Excerpts from a dataset:

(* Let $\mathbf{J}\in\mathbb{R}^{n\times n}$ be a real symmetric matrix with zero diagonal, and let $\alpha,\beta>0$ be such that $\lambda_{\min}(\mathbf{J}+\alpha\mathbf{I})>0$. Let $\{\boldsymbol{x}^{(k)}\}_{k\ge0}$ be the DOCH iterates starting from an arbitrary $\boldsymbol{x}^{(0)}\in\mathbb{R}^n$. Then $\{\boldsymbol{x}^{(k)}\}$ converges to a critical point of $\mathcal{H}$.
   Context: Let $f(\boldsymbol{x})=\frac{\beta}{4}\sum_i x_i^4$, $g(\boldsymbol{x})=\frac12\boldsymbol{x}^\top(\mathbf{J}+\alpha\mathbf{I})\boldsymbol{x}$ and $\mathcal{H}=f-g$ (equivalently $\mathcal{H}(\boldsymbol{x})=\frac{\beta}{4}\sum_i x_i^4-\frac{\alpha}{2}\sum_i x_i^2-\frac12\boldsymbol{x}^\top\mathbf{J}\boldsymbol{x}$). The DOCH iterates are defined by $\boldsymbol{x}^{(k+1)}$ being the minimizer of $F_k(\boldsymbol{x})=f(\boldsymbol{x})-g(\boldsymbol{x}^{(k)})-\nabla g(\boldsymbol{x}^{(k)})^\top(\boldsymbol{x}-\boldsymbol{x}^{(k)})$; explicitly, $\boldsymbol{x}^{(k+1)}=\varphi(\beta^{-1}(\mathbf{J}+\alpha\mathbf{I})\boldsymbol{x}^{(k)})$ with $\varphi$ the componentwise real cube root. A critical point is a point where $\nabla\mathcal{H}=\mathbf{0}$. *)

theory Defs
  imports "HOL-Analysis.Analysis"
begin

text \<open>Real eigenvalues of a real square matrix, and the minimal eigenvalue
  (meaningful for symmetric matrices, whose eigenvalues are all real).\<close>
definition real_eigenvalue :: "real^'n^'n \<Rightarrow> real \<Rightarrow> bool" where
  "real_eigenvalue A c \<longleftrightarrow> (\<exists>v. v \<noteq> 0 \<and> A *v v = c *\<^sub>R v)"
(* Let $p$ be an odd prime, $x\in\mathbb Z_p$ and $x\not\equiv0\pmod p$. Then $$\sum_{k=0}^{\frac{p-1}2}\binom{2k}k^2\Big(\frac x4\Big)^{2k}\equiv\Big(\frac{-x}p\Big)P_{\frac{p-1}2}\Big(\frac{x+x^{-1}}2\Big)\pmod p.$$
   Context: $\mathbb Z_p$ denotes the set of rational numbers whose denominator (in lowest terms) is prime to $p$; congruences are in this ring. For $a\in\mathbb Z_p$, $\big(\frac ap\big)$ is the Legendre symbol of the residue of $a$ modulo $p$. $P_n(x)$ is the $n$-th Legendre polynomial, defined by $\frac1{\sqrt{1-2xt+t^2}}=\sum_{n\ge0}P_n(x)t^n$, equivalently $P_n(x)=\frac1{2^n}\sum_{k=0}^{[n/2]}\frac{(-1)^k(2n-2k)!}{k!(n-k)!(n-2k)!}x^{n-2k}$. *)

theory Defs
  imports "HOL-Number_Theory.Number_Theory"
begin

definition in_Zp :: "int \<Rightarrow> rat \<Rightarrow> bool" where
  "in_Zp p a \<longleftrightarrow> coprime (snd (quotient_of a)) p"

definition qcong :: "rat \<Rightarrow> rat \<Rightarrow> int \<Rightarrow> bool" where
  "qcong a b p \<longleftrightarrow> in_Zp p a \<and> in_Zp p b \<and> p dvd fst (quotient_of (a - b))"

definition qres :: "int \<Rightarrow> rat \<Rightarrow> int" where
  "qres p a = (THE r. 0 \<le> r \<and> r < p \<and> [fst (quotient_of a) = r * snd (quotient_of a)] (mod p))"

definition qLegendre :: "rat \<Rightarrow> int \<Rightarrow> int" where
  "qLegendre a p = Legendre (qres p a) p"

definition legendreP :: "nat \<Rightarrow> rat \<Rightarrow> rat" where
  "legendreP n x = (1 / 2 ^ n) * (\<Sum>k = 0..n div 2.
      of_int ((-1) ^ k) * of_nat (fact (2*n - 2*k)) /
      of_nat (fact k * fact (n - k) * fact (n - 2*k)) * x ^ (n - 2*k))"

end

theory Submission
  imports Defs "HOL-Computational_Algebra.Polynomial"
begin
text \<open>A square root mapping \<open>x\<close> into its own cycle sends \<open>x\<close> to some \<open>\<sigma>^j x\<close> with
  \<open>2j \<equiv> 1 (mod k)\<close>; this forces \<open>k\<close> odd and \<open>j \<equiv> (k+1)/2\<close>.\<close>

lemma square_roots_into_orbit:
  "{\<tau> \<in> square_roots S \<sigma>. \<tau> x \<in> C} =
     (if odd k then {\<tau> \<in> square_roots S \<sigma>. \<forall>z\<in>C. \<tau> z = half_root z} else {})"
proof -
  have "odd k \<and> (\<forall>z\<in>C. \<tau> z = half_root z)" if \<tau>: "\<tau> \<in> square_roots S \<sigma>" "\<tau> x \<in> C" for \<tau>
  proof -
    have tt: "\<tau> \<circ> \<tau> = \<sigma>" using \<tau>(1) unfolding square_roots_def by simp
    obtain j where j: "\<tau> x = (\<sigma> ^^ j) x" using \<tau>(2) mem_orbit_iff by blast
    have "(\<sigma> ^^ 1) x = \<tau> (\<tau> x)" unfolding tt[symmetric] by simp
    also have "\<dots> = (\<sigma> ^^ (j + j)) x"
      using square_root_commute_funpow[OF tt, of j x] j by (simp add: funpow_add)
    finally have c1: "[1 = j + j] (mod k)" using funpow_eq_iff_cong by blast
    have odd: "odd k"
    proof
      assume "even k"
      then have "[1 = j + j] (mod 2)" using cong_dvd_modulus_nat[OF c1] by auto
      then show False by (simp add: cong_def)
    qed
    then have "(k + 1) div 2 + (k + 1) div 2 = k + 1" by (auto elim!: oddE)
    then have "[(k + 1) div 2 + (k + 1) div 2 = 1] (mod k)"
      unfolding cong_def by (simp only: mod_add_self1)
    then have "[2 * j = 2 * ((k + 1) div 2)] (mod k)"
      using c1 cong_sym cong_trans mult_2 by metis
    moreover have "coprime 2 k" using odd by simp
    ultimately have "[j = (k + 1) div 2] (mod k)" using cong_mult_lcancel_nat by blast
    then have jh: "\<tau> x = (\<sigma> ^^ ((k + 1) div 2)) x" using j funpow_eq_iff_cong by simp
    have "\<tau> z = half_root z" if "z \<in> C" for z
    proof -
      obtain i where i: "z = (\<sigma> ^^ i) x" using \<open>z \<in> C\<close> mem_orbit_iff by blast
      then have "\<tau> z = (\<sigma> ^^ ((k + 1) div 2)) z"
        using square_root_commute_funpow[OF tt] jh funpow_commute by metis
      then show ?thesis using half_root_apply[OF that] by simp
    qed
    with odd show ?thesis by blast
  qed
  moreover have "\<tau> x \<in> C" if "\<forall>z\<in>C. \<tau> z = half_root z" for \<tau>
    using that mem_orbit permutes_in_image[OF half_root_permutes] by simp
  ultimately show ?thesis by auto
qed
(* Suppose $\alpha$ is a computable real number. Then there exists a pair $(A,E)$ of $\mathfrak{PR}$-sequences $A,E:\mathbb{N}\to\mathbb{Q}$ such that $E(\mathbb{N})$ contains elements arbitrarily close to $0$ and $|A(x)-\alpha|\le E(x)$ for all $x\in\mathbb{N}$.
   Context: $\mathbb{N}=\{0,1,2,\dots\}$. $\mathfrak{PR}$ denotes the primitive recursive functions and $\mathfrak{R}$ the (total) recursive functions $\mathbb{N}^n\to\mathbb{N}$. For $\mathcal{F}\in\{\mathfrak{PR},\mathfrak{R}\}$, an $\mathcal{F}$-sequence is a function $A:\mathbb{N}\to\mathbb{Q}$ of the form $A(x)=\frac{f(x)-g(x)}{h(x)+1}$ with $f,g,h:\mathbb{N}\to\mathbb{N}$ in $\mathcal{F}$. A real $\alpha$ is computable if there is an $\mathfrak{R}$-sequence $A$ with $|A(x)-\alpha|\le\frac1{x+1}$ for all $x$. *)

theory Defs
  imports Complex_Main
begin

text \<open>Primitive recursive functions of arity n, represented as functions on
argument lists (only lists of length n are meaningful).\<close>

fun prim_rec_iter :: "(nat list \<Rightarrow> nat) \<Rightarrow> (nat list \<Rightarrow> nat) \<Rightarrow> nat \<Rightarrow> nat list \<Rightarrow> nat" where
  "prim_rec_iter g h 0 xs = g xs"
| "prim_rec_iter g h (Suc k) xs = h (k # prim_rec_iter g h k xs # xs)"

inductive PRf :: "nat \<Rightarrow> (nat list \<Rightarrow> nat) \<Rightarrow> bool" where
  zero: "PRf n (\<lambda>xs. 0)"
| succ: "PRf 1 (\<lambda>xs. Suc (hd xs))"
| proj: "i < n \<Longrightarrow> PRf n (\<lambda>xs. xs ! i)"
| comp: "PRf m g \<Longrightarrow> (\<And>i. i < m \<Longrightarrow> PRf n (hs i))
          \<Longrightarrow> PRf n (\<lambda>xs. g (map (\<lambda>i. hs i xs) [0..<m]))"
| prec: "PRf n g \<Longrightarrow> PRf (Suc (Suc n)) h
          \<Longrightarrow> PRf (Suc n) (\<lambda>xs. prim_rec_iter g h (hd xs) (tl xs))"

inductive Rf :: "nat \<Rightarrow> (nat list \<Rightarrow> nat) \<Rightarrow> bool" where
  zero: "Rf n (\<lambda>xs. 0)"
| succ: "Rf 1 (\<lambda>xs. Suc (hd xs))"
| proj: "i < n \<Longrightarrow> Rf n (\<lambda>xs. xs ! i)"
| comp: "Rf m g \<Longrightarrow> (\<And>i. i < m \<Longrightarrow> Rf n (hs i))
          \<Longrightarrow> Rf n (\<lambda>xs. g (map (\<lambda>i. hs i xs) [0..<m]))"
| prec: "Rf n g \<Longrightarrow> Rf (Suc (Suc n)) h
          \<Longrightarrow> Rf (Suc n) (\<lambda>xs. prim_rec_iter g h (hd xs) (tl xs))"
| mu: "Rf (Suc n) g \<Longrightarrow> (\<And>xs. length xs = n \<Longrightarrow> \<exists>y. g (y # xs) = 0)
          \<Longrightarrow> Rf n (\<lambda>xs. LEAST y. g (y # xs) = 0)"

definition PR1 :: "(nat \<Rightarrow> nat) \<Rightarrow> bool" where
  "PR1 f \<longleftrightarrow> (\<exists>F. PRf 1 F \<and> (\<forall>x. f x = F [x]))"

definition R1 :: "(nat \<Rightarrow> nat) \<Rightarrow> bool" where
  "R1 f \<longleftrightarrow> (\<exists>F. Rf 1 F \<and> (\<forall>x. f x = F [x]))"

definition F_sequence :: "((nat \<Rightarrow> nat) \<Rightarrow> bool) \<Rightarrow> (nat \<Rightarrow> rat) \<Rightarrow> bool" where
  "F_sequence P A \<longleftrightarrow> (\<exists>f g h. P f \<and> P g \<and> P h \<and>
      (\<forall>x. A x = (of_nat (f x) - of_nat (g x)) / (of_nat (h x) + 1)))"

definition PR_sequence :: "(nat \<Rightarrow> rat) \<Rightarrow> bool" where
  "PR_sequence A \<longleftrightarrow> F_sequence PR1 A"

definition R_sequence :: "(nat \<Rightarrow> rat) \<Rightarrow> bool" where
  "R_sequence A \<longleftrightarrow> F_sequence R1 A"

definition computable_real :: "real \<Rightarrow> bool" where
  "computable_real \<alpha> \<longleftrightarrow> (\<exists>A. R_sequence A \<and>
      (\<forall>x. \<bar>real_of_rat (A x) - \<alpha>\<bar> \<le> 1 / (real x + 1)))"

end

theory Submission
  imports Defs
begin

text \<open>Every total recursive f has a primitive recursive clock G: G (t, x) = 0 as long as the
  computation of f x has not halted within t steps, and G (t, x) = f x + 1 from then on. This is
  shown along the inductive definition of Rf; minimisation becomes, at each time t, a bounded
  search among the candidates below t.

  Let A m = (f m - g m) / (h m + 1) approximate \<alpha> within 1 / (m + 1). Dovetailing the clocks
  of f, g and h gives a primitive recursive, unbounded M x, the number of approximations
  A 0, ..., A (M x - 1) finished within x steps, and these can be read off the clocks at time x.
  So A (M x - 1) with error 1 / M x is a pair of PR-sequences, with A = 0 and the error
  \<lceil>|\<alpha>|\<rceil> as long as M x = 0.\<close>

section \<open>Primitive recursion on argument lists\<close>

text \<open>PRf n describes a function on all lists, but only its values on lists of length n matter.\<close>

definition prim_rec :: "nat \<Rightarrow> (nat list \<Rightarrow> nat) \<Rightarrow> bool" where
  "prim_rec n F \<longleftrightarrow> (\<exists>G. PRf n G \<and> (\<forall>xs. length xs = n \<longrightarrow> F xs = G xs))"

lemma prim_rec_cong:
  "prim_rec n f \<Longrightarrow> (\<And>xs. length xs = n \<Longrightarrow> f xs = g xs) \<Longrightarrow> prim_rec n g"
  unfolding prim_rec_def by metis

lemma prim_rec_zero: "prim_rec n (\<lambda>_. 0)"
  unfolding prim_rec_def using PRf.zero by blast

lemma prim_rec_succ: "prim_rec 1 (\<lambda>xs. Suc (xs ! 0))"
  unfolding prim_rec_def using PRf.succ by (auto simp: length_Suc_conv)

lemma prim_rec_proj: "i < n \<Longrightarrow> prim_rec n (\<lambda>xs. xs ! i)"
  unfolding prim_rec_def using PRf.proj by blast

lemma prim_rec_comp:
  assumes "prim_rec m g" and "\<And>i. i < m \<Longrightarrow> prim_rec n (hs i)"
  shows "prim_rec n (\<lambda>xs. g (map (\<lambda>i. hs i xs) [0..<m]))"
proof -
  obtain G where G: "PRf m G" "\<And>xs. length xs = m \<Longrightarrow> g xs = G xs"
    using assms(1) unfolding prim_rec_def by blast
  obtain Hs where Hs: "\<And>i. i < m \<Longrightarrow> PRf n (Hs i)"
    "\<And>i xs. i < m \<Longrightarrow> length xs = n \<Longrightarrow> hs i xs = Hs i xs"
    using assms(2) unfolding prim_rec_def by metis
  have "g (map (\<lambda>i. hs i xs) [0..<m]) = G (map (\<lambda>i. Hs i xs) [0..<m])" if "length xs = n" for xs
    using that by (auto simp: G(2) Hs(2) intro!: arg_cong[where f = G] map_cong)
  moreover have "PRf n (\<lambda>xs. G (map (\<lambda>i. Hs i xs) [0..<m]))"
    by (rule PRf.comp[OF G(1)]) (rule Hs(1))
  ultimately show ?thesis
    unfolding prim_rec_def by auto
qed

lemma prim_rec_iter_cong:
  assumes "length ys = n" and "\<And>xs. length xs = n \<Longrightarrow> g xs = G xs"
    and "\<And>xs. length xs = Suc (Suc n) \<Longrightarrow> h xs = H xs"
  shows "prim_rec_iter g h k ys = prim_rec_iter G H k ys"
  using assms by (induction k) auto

[Aim of the task]
Figure out how many lines above include the string "qLegendre", then report that number and nothing else.

[Final answer]
2